▶ **RECORDS PROVIDED**:
____________

(* For every integer $k\ge 1$, let $\mathcal{L}^2(k)=\gcd\{\sum_{i=1}^k L_{n+i}^2 : n \ge 0\}$. Then $$\mathcal{L}^2(k) = \begin{cases} 5F_k, & \text{if $k$ is even},\\ 2, & \text{if $k \equiv 3 \pmod{6}$},\\ 1, & \text{if $k \equiv 1,5 \pmod{6}$}.\end{cases}$$
   Context: $(L_n)$ is the Lucas sequence: $L_0=2$, $L_1=1$, $L_n=L_{n-1}+L_{n-2}$; $(F_n)$ is the Fibonacci sequence: $F_0=0$, $F_1=1$, $F_n=F_{n-1}+F_{n-2}$. *)

theory Defs
  imports "HOL-Number_Theory.Fib"
begin

fun lucas :: "nat \<Rightarrow> nat" where
  "lucas 0 = 2"
| "lucas (Suc 0) = 1"
| "lucas (Suc (Suc n)) = lucas (Suc n) + lucas n"

definition lucas_sq_gcd :: "nat \<Rightarrow> nat" where
  "lucas_sq_gcd k = Gcd {\<Sum>i=1..k. (lucas (n + i))^2 | n. True}"

end

theory Submission
  imports Defs "HOL-Computational_Algebra.Primes"
begin

text \<open>
  Write \<open>S\<^sub>k(n) = L\<^sub>n\<^sub>+\<^sub>1\<^sup>2 + ... + L\<^sub>n\<^sub>+\<^sub>k\<^sup>2\<close>. By Binet's formulas
  \<open>L\<^sub>m\<^sup>2 = L\<^sub>2\<^sub>m + 2(-1)\<^sup>m\<close>, so \<open>S\<^sub>k(n)\<close> telescopes to \<open>L\<^sub>2\<^sub>n\<^sub>+\<^sub>2\<^sub>k\<^sub>+\<^sub>1 - L\<^sub>2\<^sub>n\<^sub>+\<^sub>1\<close> plus a sign term.
  For even \<open>k\<close> this equals \<open>5 F\<^sub>k F\<^sub>2\<^sub>n\<^sub>+\<^sub>k\<^sub>+\<^sub>1\<close>, and \<open>F\<^sub>k\<^sub>+\<^sub>1\<close>, \<open>F\<^sub>k\<^sub>+\<^sub>3\<close> are coprime.
  For odd \<open>k\<close> it equals \<open>L\<^sub>k L\<^sub>2\<^sub>n\<^sub>+\<^sub>k\<^sub>+\<^sub>1 - 2(-1)\<^sup>n\<close>; then \<open>S\<^sub>k(0) + S\<^sub>k(2) - 3 S\<^sub>k(1) = -10\<close>,
  no \<open>S\<^sub>k(n)\<close> is divisible by 5 because \<open>L\<^sub>m\<^sup>2 = 5 F\<^sub>m\<^sup>2 + 4(-1)\<^sup>m\<close>, and the parity of
  \<open>S\<^sub>k(n)\<close> is that of \<open>L\<^sub>k L\<^sub>2\<^sub>n\<^sub>+\<^sub>k\<^sub>+\<^sub>1\<close>, where \<open>L\<^sub>m\<close> is even iff \<open>3 | m\<close>.
\<close>

definition \<phi> :: real where "\<phi> = (1 + sqrt 5) / 2"
definition \<psi> :: real where "\<psi> = (1 - sqrt 5) / 2"

lemma phi_times_psi: "\<phi> * \<psi> = -1"
  by (simp add: \<phi>_def \<psi>_def field_simps)

lemma lucas_closed_form: "real (lucas n) = \<phi> ^ n + \<psi> ^ n"
proof (induction n rule: lucas.induct)
  case (3 n)
  have step: "x ^ Suc (Suc n) = x ^ n + x ^ Suc n" if "x\<^sup>2 = x + 1" for x :: real
  proof -
    have "x ^ Suc (Suc n) = x ^ n * x\<^sup>2" by (simp add: power2_eq_square)
    also have "\<dots> = x ^ n + x ^ Suc n" by (simp add: that algebra_simps)
    finally show ?thesis .
  qed
  have "\<phi>\<^sup>2 = \<phi> + 1" "\<psi>\<^sup>2 = \<psi> + 1"
    by (simp_all add: \<phi>_def \<psi>_def field_simps power2_eq_square)
  with 3 show ?case by (simp add: step del: power_Suc)
qed (simp_all add: \<phi>_def \<psi>_def field_simps)

lemma fib_closed_form_sqrt5: "real (fib n) * sqrt 5 = \<phi> ^ n - \<psi> ^ n"
  using fib_closed_form[of n] by (simp add: \<phi>_def \<psi>_def)

lemma lucas_square_conv_lucas_double: "(real (lucas m))\<^sup>2 = real (lucas (2 * m)) + 2 * (-1) ^ m"
proof -
  have "(real (lucas m))\<^sup>2 = (\<phi> ^ m)\<^sup>2 + (\<psi> ^ m)\<^sup>2 + 2 * (\<phi> * \<psi>) ^ m"
    by (simp add: lucas_closed_form power2_sum power_mult_distrib)
  then show ?thesis
    by (simp add: lucas_closed_form phi_times_psi mult.commute flip: power_mult)
qed

lemma lucas_square_conv_fib_square: "(int (lucas m))\<^sup>2 = 5 * (int (fib m))\<^sup>2 + 4 * (-1) ^ m"
proof (rule of_int_eq_iff[where 'a = real, THEN iffD1])
  have "(real (lucas m))\<^sup>2 = (real (fib m) * sqrt 5)\<^sup>2 + 4 * (\<phi> * \<psi>) ^ m"
    by (simp add: lucas_closed_form fib_closed_form_sqrt5 power2_eq_square power_mult_distrib
        algebra_simps)
  then show "real_of_int ((int (lucas m))\<^sup>2) = real_of_int (5 * (int (fib m))\<^sup>2 + 4 * (-1) ^ m)"
    by (simp add: phi_times_psi power_mult_distrib)
qed

lemma lucas_add_double_minus:
  "real (lucas (m + 2 * k)) - (-1) ^ k * real (lucas m) = 5 * real (fib k) * real (fib (m + k))"
proof -
  have "5 * real (fib k) * real (fib (m + k))
      = (real (fib k) * sqrt 5) * (real (fib (m + k)) * sqrt 5)"
    by simp
  also have "\<dots> = \<phi> ^ (m + 2 * k) + \<psi> ^ (m + 2 * k) - (\<phi> * \<psi>) ^ k * (\<phi> ^ m + \<psi> ^ m)"
    by (simp only: fib_closed_form_sqrt5 power_add mult_2 power_mult_distrib) (simp add: algebra_simps)
  finally show ?thesis
    by (simp add: lucas_closed_form phi_times_psi)
qed

lemma lucas_add_double_plus:
  "real (lucas (m + 2 * k)) + (-1) ^ k * real (lucas m) = real (lucas k) * real (lucas (m + k))"
proof -
  have "real (lucas k) * real (lucas (m + k))
      = \<phi> ^ (m + 2 * k) + \<psi> ^ (m + 2 * k) + (\<phi> * \<psi>) ^ k * (\<phi> ^ m + \<psi> ^ m)"
    by (simp only: lucas_closed_form power_add mult_2 power_mult_distrib) (simp add: algebra_simps)
  then show ?thesis
    by (simp add: lucas_closed_form phi_times_psi)
qed

lemma lucas_add_3: "lucas (n + 3) = lucas n + 2 * lucas (n + 1)"
  by (simp add: numeral_eq_Suc)

lemma lucas_add_4: "lucas (n + 4) + lucas n = 3 * lucas (n + 2)"
  by (simp add: numeral_eq_Suc)

lemma even_lucas_iff: "even (lucas n) \<longleftrightarrow> 3 dvd n"
proof (induction n rule: less_induct)
  case (less n)
  show ?case
  proof (cases "n < 3")
    case True
    then consider "n = 0" | "n = 1" | "n = 2" by linarith
    moreover have "lucas 2 = 3" by (simp add: numeral_2_eq_2)
    ultimately show ?thesis by cases simp_all
  next
    case False
    then obtain m where "n = m + 3" by (metis add.commute le_iff_add not_less)
    then show ?thesis using less[of m] by (simp add: lucas_add_3)
  qed
qed

lemma coprime_fib_add_2: "coprime (fib n) (fib (n + 2))"
  using coprime_fib_Suc_nat[of n] by (simp add: fib_plus_2 coprime_iff_gcd_eq_1 add.commute)

lemma sum_alternating_sign:
  "(\<Sum>i=1..k. (-1 :: 'a :: ring_1) ^ (n + i)) = (if even k then 0 else (-1) ^ (n + 1))"
  by (induction k) (auto simp: power_add)

lemma Gcd_range_mult_coprime:
  fixes f :: "'a \<Rightarrow> nat"
  assumes "coprime (f a) (f b)"
  shows "Gcd (range (\<lambda>x. c * f x)) = c"
proof (rule dvd_antisym)
  have "Gcd (range (\<lambda>x. c * f x)) dvd gcd (c * f a) (c * f b)"
    by (auto intro!: gcd_greatest Gcd_dvd)
  also have "gcd (c * f a) (c * f b) = c"
    using assms by (simp add: gcd_mult_left coprime_iff_gcd_eq_1)
  finally show "Gcd (range (\<lambda>x. c * f x)) dvd c" .
qed (auto intro: Gcd_greatest)

definition lucas_square_sum :: "nat \<Rightarrow> nat \<Rightarrow> nat" where
  "lucas_square_sum k n = (\<Sum>i=1..k. (lucas (n + i))\<^sup>2)"

lemma lucas_sq_gcd_conv_Gcd_range: "lucas_sq_gcd k = Gcd (range (lucas_square_sum k))"
  by (simp add: lucas_sq_gcd_def lucas_square_sum_def full_SetCompr_eq)

lemma lucas_square_sum_telescope:
  "real (lucas_square_sum k n)
     = real (lucas (2 * n + 1 + 2 * k)) - real (lucas (2 * n + 1)) + 2 * (\<Sum>i=1..k. (-1) ^ (n + i))"
proof (induction k)
  case (Suc k)
  have "lucas (2 * n + 1 + 2 * Suc k) = lucas (2 * (n + Suc k)) + lucas (2 * n + 1 + 2 * k)"
    using lucas.simps(3)[of "2 * n + 2 * k + 1"] by (simp add: algebra_simps)
  with Suc show ?case
    using lucas_square_conv_lucas_double[of "n + Suc k"] by (simp add: lucas_square_sum_def)
qed (simp add: lucas_square_sum_def)

lemma lucas_square_sum_even:
  assumes "even k"
  shows "lucas_square_sum k n = 5 * fib k * fib (2 * n + k + 1)"
proof -
  have "real (lucas_square_sum k n) = real (lucas (2 * n + 1 + 2 * k)) - real (lucas (2 * n + 1))"
    using lucas_square_sum_telescope[of k n] sum_alternating_sign[where k = k and n = n] assms by simp
  also have "\<dots> = 5 * real (fib k) * real (fib (2 * n + k + 1))"
    using lucas_add_double_minus[of "2 * n + 1" k] assms by (simp add: algebra_simps)
  finally have "real (lucas_square_sum k n) = real (5 * fib k * fib (2 * n + k + 1))"
    by simp
  then show ?thesis
    by (simp only: of_nat_eq_iff)
qed

lemma lucas_square_sum_odd:
  assumes "odd k"
  shows "int (lucas_square_sum k n) = int (lucas k) * int (lucas (2 * n + k + 1)) - 2 * (-1) ^ n"
proof (rule of_int_eq_iff[where 'a = real, THEN iffD1])
  have "real (lucas_square_sum k n)
      = real (lucas (2 * n + 1 + 2 * k)) - real (lucas (2 * n + 1)) - 2 * (-1) ^ n"
    using lucas_square_sum_telescope[of k n] sum_alternating_sign[where k = k and n = n] assms
    by simp
  also have "\<dots> = real (lucas k) * real (lucas (2 * n + k + 1)) - 2 * (-1) ^ n"
    using lucas_add_double_plus[of "2 * n + 1" k] assms by (simp add: algebra_simps)
  finally show "real_of_int (int (lucas_square_sum k n))
      = real_of_int (int (lucas k) * int (lucas (2 * n + k + 1)) - 2 * (-1) ^ n)"
    by simp
qed

lemma lucas_square_sum_odd_not_dvd_5:
  assumes "odd k"
  shows "\<not> 5 dvd lucas_square_sum k n"
proof
  have "int (lucas_square_sum k n) = (\<Sum>i=1..k. (int (lucas (n + i)))\<^sup>2)"
    by (simp add: lucas_square_sum_def)
  also have "\<dots> = 5 * (\<Sum>i=1..k. (int (fib (n + i)))\<^sup>2) + 4 * (\<Sum>i=1..k. (-1) ^ (n + i))"
    by (simp add: lucas_square_conv_fib_square sum.distrib sum_distrib_left)
  also have "\<dots> = 5 * (\<Sum>i=1..k. (int (fib (n + i)))\<^sup>2) - 4 * (-1) ^ n"
    using assms sum_alternating_sign[where k = k and n = n and 'a = int] by simp
  finally have S: "int (lucas_square_sum k n) + 4 * (-1) ^ n = 5 * (\<Sum>i=1..k. (int (fib (n + i)))\<^sup>2)"
    by simp
  assume "5 dvd lucas_square_sum k n"
  then have "(5 :: int) dvd 4 * (-1) ^ n"
    using S by (metis dvd_add_right_iff dvd_triv_left int_dvd_int_iff of_nat_numeral)
  then show False
    by (cases "even n") auto
qed

lemma even_lucas_square_sum_iff:
  assumes "odd k"
  shows "even (lucas_square_sum k n) \<longleftrightarrow> 3 dvd k \<or> 3 dvd (2 * n + k + 1)"
proof -
  have "even (lucas_square_sum k n) \<longleftrightarrow> even (int (lucas_square_sum k n))"
    by simp
  also have "\<dots> \<longleftrightarrow> even (lucas k * lucas (2 * n + k + 1))"
    by (simp add: lucas_square_sum_odd[OF assms] flip: of_nat_mult)
  finally show ?thesis
    by (simp add: even_lucas_iff)
qed

lemma lucas_sq_gcd_even:
  assumes "even k"
  shows "lucas_sq_gcd k = 5 * fib k"
proof -
  have "coprime (fib (2 * 0 + k + 1)) (fib (2 * 1 + k + 1))"
    using coprime_fib_add_2[of "k + 1"] by (simp add: add.commute)
  then have "Gcd (range (\<lambda>n. 5 * fib k * fib (2 * n + k + 1))) = 5 * fib k"
    by (rule Gcd_range_mult_coprime)
  then show ?thesis
    by (simp add: lucas_sq_gcd_conv_Gcd_range lucas_square_sum_even[OF assms])
qed

lemma lucas_sq_gcd_odd_dvd_2:
  assumes "odd k"
  shows "lucas_sq_gcd k dvd 2"
proof -
  define c where "c = lucas_sq_gcd k"
  have c_dvd: "c dvd lucas_square_sum k n" for n
    by (simp add: c_def lucas_sq_gcd_conv_Gcd_range Gcd_dvd)
  have "int (lucas_square_sum k 0) + int (lucas_square_sum k 2) - 3 * int (lucas_square_sum k 1)
      = int (lucas k) * (int (lucas (k + 1 + 4)) + int (lucas (k + 1)) - 3 * int (lucas (k + 1 + 2))) - 10"
    by (simp add: lucas_square_sum_odd[OF assms] algebra_simps del: lucas.simps)
  also have "int (lucas (k + 1 + 4)) + int (lucas (k + 1)) = 3 * int (lucas (k + 1 + 2))"
    using arg_cong[OF lucas_add_4[of "k + 1"], of int] by simp
  finally have "int (lucas_square_sum k 0) + int (lucas_square_sum k 2)
      - 3 * int (lucas_square_sum k 1) = -10"
    by simp
  then have "int c dvd 10"
    by (metis c_dvd dvd_add dvd_diff dvd_mult dvd_minus_iff int_dvd_int_iff)
  then have "c dvd 2 * 5"
    using int_dvd_int_iff[of c 10] by simp
  moreover have "prime (5 :: nat)"
    by simp
  then have "coprime c 5"
    using c_dvd[of 0] lucas_square_sum_odd_not_dvd_5[OF assms]
    by (metis coprime_commute dvd_trans prime_imp_coprime)
  ultimately show ?thesis
    unfolding c_def by (metis coprime_dvd_mult_left_iff)
qed

lemma lucas_sq_gcd_odd:
  assumes "odd k"
  shows "lucas_sq_gcd k = (if 3 dvd k then 2 else 1)"
proof (cases "3 dvd k")
  case True
  then have "2 dvd lucas_sq_gcd k"
    by (auto simp: lucas_sq_gcd_conv_Gcd_range even_lucas_square_sum_iff[OF assms] intro: Gcd_greatest)
  with True show ?thesis
    using lucas_sq_gcd_odd_dvd_2[OF assms] by (simp add: dvd_antisym)
next
  case False
  then have "\<not> 3 dvd (2 * 0 + k + 1) \<or> \<not> 3 dvd (2 * 1 + k + 1)"
    by presburger
  then obtain n where "\<not> 3 dvd (2 * n + k + 1)"
    by blast
  then have "odd (lucas_square_sum k n)"
    using False by (simp add: even_lucas_square_sum_iff[OF assms])
  then have "odd (lucas_sq_gcd k)"
    by (metis dvd_trans lucas_sq_gcd_conv_Gcd_range Gcd_dvd rangeI)
  moreover have "lucas_sq_gcd k \<le> 2"
    using lucas_sq_gcd_odd_dvd_2[OF assms] by (rule dvd_imp_le) simp
  ultimately show ?thesis
    using False by presburger
qed

theorem theorem5p4:
  fixes k :: nat
  assumes "k \<ge> 1"
  shows "(even k \<longrightarrow> lucas_sq_gcd k = 5 * fib k)
       \<and> (k mod 6 = 3 \<longrightarrow> lucas_sq_gcd k = 2)
       \<and> ((k mod 6 = 1 \<or> k mod 6 = 5) \<longrightarrow> lucas_sq_gcd k = 1)"
proof (intro conjI impI)
  assume "even k"
  then show "lucas_sq_gcd k = 5 * fib k"
    by (rule lucas_sq_gcd_even)
next
  assume "k mod 6 = 3"
  then have "odd k" "3 dvd k"
    by presburger+
  then show "lucas_sq_gcd k = 2"
    by (simp add: lucas_sq_gcd_odd)
next
  assume "k mod 6 = 1 \<or> k mod 6 = 5"
  then have "odd k" "\<not> 3 dvd k"
    by presburger+
  then show "lucas_sq_gcd k = 1"
    by (simp add: lucas_sq_gcd_odd)
qed

end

____________

▶ **PROBLEM**:
Which of the lines above hold the word "metis"? Copy each one.

▶ **TASK RESPONSE**:
    then obtain m where "n = m + 3" by (metis add.commute le_iff_add not_less)
    using S by (metis dvd_add_right_iff dvd_triv_left int_dvd_int_iff of_nat_numeral)
    by (metis c_dvd dvd_add dvd_diff dvd_mult dvd_minus_iff int_dvd_int_iff)
    by (metis coprime_commute dvd_trans prime_imp_coprime)
    unfolding c_def by (metis coprime_dvd_mult_left_iff)
    by (metis dvd_trans lucas_sq_gcd_conv_Gcd_range Gcd_dvd rangeI)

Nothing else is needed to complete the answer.